** Opening Data section block **

lemma face_of_vector_box_component:
  fixes S :: "'n::finite \<Rightarrow> 'a::real_normed_vector set"
  assumes F: "F face_of {x. \<forall>i. x $ i \<in> S i}"
  shows "(\<lambda>x. x $ j) ` F face_of S j"
  unfolding face_of_def
proof (intro conjI ballI impI)
  have FS: "F \<subseteq> {x. \<forall>i. x $ i \<in> S i}" using F face_of_imp_subset by blast
  then show "(\<lambda>x. x $ j) ` F \<subseteq> S j" by auto
  have "convex F" using F by (rule face_of_imp_convex)
  then show "convex ((\<lambda>x. x $ j) ` F)"
    by (intro convex_linear_image bounded_linear.linear[OF bounded_linear_vec_nth])
  fix a b z assume a: "a \<in> S j" and b: "b \<in> S j" and "z \<in> (\<lambda>x. x $ j) ` F"
    and z: "z \<in> open_segment a b"
  then obtain x where x: "x \<in> F" "z = x $ j" by blast
  define a' where "a' = (\<chi> i. if i = j then a else x $ i)"
  define b' where "b' = (\<chi> i. if i = j then b else x $ i)"
  have box: "a' \<in> {x. \<forall>i. x $ i \<in> S i}" "b' \<in> {x. \<forall>i. x $ i \<in> S i}"
    using FS x a b by (auto simp: a'_def b'_def)
  obtain u where u: "a \<noteq> b" "0 < u" "u < 1" "z = (1 - u) *\<^sub>R a + u *\<^sub>R b"
    using z by (auto simp: in_segment)
  have "a' \<noteq> b'" using u(1) by (auto simp: a'_def b'_def vec_eq_iff)
  moreover have "x = (1 - u) *\<^sub>R a' + u *\<^sub>R b'"
    using u(4) x(2) by (simp add: a'_def b'_def vec_eq_iff algebra_simps)
  ultimately have "x \<in> open_segment a' b'" using u(2,3) by (auto simp: in_segment)
  then have "a' \<in> F" "b' \<in> F" using face_ofD[OF F _ box] x(1) by blast+
  moreover have "a = a' $ j" "b = b' $ j" by (simp_all add: a'_def b'_def)
  ultimately show "a \<in> (\<lambda>x. x $ j) ` F" "b \<in> (\<lambda>x. x $ j) ` F" by blast+
qed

** Closing Data section block **

What the task requires:
Please copy out each line in the entries that mentions the string "moreover".

Response:
  moreover have "x = (1 - u) *\<^sub>R a' + u *\<^sub>R b'"
  moreover have "a = a' $ j" "b = b' $ j" by (simp_all add: a'_def b'_def)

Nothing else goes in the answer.